Redistribution and use in source and binary forms, with or without modification, are permitted provided that the following conditions are met:

Redistributions of source code must retain the above copyright notice, this list of conditions and the following disclaimer.
Redistributions in binary form must reproduce the above copyright notice, this list of conditions and the following disclaimer in the documentation and/or other materials provided with the distribution.

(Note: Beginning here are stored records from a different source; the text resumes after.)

(* For each integer $k\ge 4$ and each integer $w\ge 4$, $m_2^{(2)}(k-1,w)$ equals the Griesmer upper bound for $m_2^{(2)}(k-1,w)$, i.e. the largest integer $n$ with $n\ge g_2^{(k-3)}(k,n-w)$.
   Context: For a prime power $q$ and $N\ge1$, a multiset of points in $\mathrm{PG}(N,q)$ is a map $\mathcal{K}$ from the points to $\mathbb{Z}_{\ge0}$, with $\mathcal{K}(S)=\sum_{P\in S}\mathcal{K}(P)$; its cardinality is $\mathcal{K}(\mathrm{PG}(N,q))$. Dimensions are projective. For $0\le r\le N-1$ and a positive integer $w$, $m_q^{(r)}(N,w)$ is the maximum cardinality of a multiset of points in $\mathrm{PG}(N,q)$ such that every $r$-dimensional subspace has multiplicity at most $w$. Let $v_j=(q^j-1)/(q-1)$ and, for $1\le s\le k$, $g_q^{(s)}(k,d)=d+\sum_{i=1}^{k-s}\lceil d/(q^iv_s)\rceil$. The Griesmer upper bound for $m_q^{(r)}(N,w)$ is the largest integer $n$ with $n\ge g_q^{(N-r)}(N+1,n-w)$. *)

theory Defs
  imports Complex_Main
begin

text \<open>A projective point is a 1-dimensional linear subspace; a projective
  r-dimensional subspace is an (r+1)-dimensional linear subspace.\<close>

definition vecs :: "nat \<Rightarrow> (nat \<Rightarrow> 'a::field) set" where
  "vecs N = {v. \<forall>i>N. v i = 0}"

definition lin_subspace_dim :: "nat \<Rightarrow> nat \<Rightarrow> (nat \<Rightarrow> 'a::field) set \<Rightarrow> bool" where
  "lin_subspace_dim N d U \<longleftrightarrow>
     (\<exists>b :: nat \<Rightarrow> nat \<Rightarrow> 'a.
        (\<forall>j<d. b j \<in> vecs N) \<and>
        (\<forall>c :: nat \<Rightarrow> 'a. (\<lambda>i. \<Sum>j<d. c j * b j i) = (\<lambda>i. 0) \<longrightarrow> (\<forall>j<d. c j = 0)) \<and>
        U = {(\<lambda>i. \<Sum>j<d. c j * b j i) | c :: nat \<Rightarrow> 'a. True})"

definition proj_points :: "nat \<Rightarrow> (nat \<Rightarrow> 'a::field) set set" where
  "proj_points N = {P. lin_subspace_dim N 1 P}"

definition proj_subspaces :: "nat \<Rightarrow> nat \<Rightarrow> (nat \<Rightarrow> 'a::field) set set" where
  "proj_subspaces N r = {S. lin_subspace_dim N (r + 1) S}"

definition mult_of :: "nat \<Rightarrow> ((nat \<Rightarrow> 'a::field) set \<Rightarrow> nat) \<Rightarrow> (nat \<Rightarrow> 'a) set \<Rightarrow> nat" where
  "mult_of N K S = (\<Sum>P\<in>{P \<in> proj_points N. P \<subseteq> S}. K P)"

definition ms_card :: "nat \<Rightarrow> ((nat \<Rightarrow> 'a::field) set \<Rightarrow> nat) \<Rightarrow> nat" where
  "ms_card N K = (\<Sum>P\<in>proj_points N. K P)"

text \<open>m_q^(r)(N,w) for q = CARD('a): maximum cardinality of a multiset of
  points of PG(N,q) such that every r-dimensional subspace has multiplicity at most w.\<close>
definition m_max :: "'a::{finite,field} itself \<Rightarrow> nat \<Rightarrow> nat \<Rightarrow> nat \<Rightarrow> nat" where
  "m_max TYPE('a) r N w =
     (GREATEST n. \<exists>K :: (nat \<Rightarrow> 'a) set \<Rightarrow> nat.
        ms_card N K = n \<and> (\<forall>S \<in> proj_subspaces N r. mult_of N K S \<le> w))"

definition vq :: "nat \<Rightarrow> nat \<Rightarrow> int" where
  "vq q j = (int q ^ j - 1) div (int q - 1)"

definition griesmer_g :: "nat \<Rightarrow> nat \<Rightarrow> nat \<Rightarrow> int \<Rightarrow> int" where
  "griesmer_g q s k d = d + (\<Sum>i = 1..k - s. \<lceil>real_of_int d / (real q ^ i * real_of_int (vq q s))\<rceil>)"

definition griesmer_bound :: "nat \<Rightarrow> nat \<Rightarrow> nat \<Rightarrow> nat \<Rightarrow> int" where
  "griesmer_bound q r N w = (GREATEST n :: int. n \<ge> griesmer_g q (N - r) (N + 1) (n - int w))"

end

(*
  Over GF(2) a projective point is {0, x} for a nonzero vector x, so a multiset of points is a
  weight function on the nonzero vectors of GF(2)^(N+1).

  Upper bound: for a multiset of cardinality n, let p be a heaviest point (weight p0) and L a
  heaviest line through p (weight l). Averaging over all points, over the lines through p and over
  the planes through L, each of weight at most w, gives
    n <= (2^(N+1) - 1) p0,   2 (n - p0) <= (2^(N+1) - 2) (l - p0),   4 (n - l) <= (2^(N+1) - 4) (w - l).
  With v = 2^(N-2) - 1 these say that n - w is at most 2v (w - l), 4v (l - p0) and 8v p0, so the
  three ceilings in the Griesmer function g_2^(N-2)(N+1, n - w) add up to at most w.

  Lower bound: the points outside {0}, outside the hyperplane x_0 = 0 and outside the codimension-2
  subspace x_0 = x_1 = 0 meet every plane in 7, at most 4 and at most 6 points; nonnegative
  combinations of these three multisets and of one extra point attain the Griesmer bound.
*)
theory Submission
  imports Defs "HOL-Library.Function_Algebras" "HOL-Library.FuncSet"
begin

section \<open>Linear subspaces of the coordinate space\<close>

lemma card_vanishing_outside:
  assumes "finite I"
  shows "card {x :: nat \<Rightarrow> 'a::{finite,zero}. \<forall>i. i \<notin> I \<longrightarrow> x i = 0} = card (UNIV :: 'a set) ^ card I"
proof -
  let ?ext = "\<lambda>h i. if i \<in> I then h i else (0::'a)"
  have inj: "inj_on ?ext (I \<rightarrow>\<^sub>E UNIV)"
  proof (rule inj_onI)
    fix f g assume fg: "f \<in> I \<rightarrow>\<^sub>E UNIV" "g \<in> I \<rightarrow>\<^sub>E UNIV" and eq: "?ext f = ?ext g"
    show "f = g"
    proof (rule PiE_ext[OF fg])
      fix i assume "i \<in> I"
      with fun_cong[OF eq, of i] show "f i = g i" by simp
    qed
  qed
  have "{x. \<forall>i. i \<notin> I \<longrightarrow> x i = 0} = ?ext ` (I \<rightarrow>\<^sub>E UNIV)"
  proof (intro equalityI subsetI)
    fix x :: "nat \<Rightarrow> 'a" assume "x \<in> {x. \<forall>i. i \<notin> I \<longrightarrow> x i = 0}"
    then have "x = ?ext (restrict x I)" by (simp add: fun_eq_iff)
    moreover have "restrict x I \<in> I \<rightarrow>\<^sub>E UNIV" by simp
    ultimately show "x \<in> ?ext ` (I \<rightarrow>\<^sub>E UNIV)" by (rule image_eqI)
  qed auto
  also have "card \<dots> = card (I \<rightarrow>\<^sub>E (UNIV :: 'a set))"
    using inj by (rule card_image)
  also have "\<dots> = card (UNIV :: 'a set) ^ card I"
    using assms by (rule card_funcsetE)
  finally show ?thesis .
qed

lemma zero_in_vecs [simp]: "0 \<in> vecs N"
  by (simp add: vecs_def)

lemma add_in_vecs: "x \<in> vecs N \<Longrightarrow> y \<in> vecs N \<Longrightarrow> x + y \<in> vecs N"
  by (simp add: vecs_def)

lemma card_vecs_coord_zero:
  assumes "m \<le> N + 1"
  shows "card {x \<in> vecs N :: (nat \<Rightarrow> 'a::{finite,field}) set. \<forall>i<m. x i = 0} = card (UNIV :: 'a set) ^ (N + 1 - m)"
proof -
  have "{x \<in> vecs N :: (nat \<Rightarrow> 'a) set. \<forall>i<m. x i = 0} = {x. \<forall>i. i \<notin> {m..N} \<longrightarrow> x i = 0}"
  proof (intro equalityI subsetI)
    fix x :: "nat \<Rightarrow> 'a" assume x: "x \<in> {x \<in> vecs N. \<forall>i<m. x i = 0}"
    have "x i = 0" if "i \<notin> {m..N}" for i
      using x that by (cases "i < m") (simp_all add: vecs_def)
    then show "x \<in> {x. \<forall>i. i \<notin> {m..N} \<longrightarrow> x i = 0}" by blast
  qed (simp add: vecs_def)
  then show ?thesis using card_vanishing_outside[of "{m..N}"] assms by simp
qed

lemma card_vecs: "card (vecs N :: (nat \<Rightarrow> 'a::{finite,field}) set) = card (UNIV :: 'a set) ^ (N + 1)"
  using card_vecs_coord_zero[of 0 N, where 'a='a] by simp

lemma finite_vecs: "finite (vecs N :: (nat \<Rightarrow> 'a::{finite,field}) set)"
proof (rule card_ge_0_finite)
  have "0 < card (UNIV :: 'a set)" by (rule finite_UNIV_card_ge_0) (rule finite_UNIV)
  then show "0 < card (vecs N :: (nat \<Rightarrow> 'a) set)" unfolding card_vecs by (rule zero_less_power)
qed

definition lin_comb :: "nat \<Rightarrow> (nat \<Rightarrow> nat \<Rightarrow> 'a::field) \<Rightarrow> (nat \<Rightarrow> 'a) \<Rightarrow> nat \<Rightarrow> 'a" where
  "lin_comb d b c = (\<lambda>i. \<Sum>j<d. c j * b j i)"

lemma lin_subspace_dim_iff:
  "lin_subspace_dim N d U \<longleftrightarrow>
     (\<exists>b. (\<forall>j<d. b j \<in> vecs N) \<and> (\<forall>c. lin_comb d b c = 0 \<longrightarrow> (\<forall>j<d. c j = 0))
        \<and> U = range (lin_comb d b))"
  unfolding lin_subspace_dim_def lin_comb_def zero_fun_def by (simp add: full_SetCompr_eq)

lemma lin_comb_diff: "lin_comb d b c - lin_comb d b c' = lin_comb d b (c - c')"
  by (simp add: lin_comb_def fun_eq_iff sum_subtractf left_diff_distrib)

lemma lin_comb_add: "lin_comb d b c + lin_comb d b c' = lin_comb d b (c + c')"
  by (simp add: lin_comb_def fun_eq_iff sum.distrib distrib_right)

lemma lin_comb_zero: "lin_comb d b 0 = 0"
  by (simp add: lin_comb_def fun_eq_iff)

lemma lin_comb_vecs: "\<forall>j<d. b j \<in> vecs N \<Longrightarrow> lin_comb d b c \<in> vecs N"
  by (simp add: lin_comb_def vecs_def)

lemma lin_comb_truncate: "lin_comb d b c = lin_comb d b (\<lambda>j. if j < d then c j else 0)"
  by (simp add: lin_comb_def)

context
  fixes N d :: nat and U :: "(nat \<Rightarrow> 'a::field) set"
  assumes U: "lin_subspace_dim N d U"
begin

lemma lin_subspace_zero: "0 \<in> U"
proof -
  obtain b where "U = range (lin_comb d b)" using U unfolding lin_subspace_dim_iff by blast
  then show ?thesis by (metis lin_comb_zero rangeI)
qed

lemma lin_subspace_add: "x \<in> U \<Longrightarrow> y \<in> U \<Longrightarrow> x + y \<in> U"
proof -
  obtain b where "U = range (lin_comb d b)" using U unfolding lin_subspace_dim_iff by blast
  then show "x \<in> U \<Longrightarrow> y \<in> U \<Longrightarrow> x + y \<in> U" by (metis lin_comb_add rangeE rangeI)
qed

lemma lin_subspace_subset_vecs: "U \<subseteq> vecs N"
proof -
  obtain b where "\<forall>j<d. b j \<in> vecs N" "U = range (lin_comb d b)"
    using U unfolding lin_subspace_dim_iff by blast
  then show ?thesis using lin_comb_vecs by blast
qed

THIS SOFTWARE IS PROVIDED BY THE COPYRIGHT HOLDERS AND CONTRIBUTORS "AS IS" AND ANY EXPRESS OR IMPLIED WARRANTIES, INCLUDING, BUT NOT LIMITED TO, THE IMPLIED WARRANTIES OF MERCHANTABILITY AND FITNESS FOR A PARTICULAR PURPOSE ARE DISCLAIMED. IN NO EVENT SHALL THE COPYRIGHT OWNER OR CONTRIBUTORS BE LIABLE FOR ANY DIRECT, INDIRECT, INCIDENTAL, SPECIAL, EXEMPLARY, OR CONSEQUENTIAL DAMAGES (INCLUDING, BUT NOT LIMITED TO, PROCUREMENT OF SUBSTITUTE GOODS OR SERVICES; LOSS OF USE, DATA, OR PROFITS; OR BUSINESS INTERRUPTION) HOWEVER CAUSED AND ON ANY THEORY OF LIABILITY, WHETHER IN CONTRACT, STRICT LIABILITY, OR TORT (INCLUDING NEGLIGENCE OR OTHERWISE) ARISING IN ANY WAY OUT OF THE USE OF THIS SOFTWARE, EVEN IF ADVISED OF THE POSSIBILITY OF SUCH DAMAGE.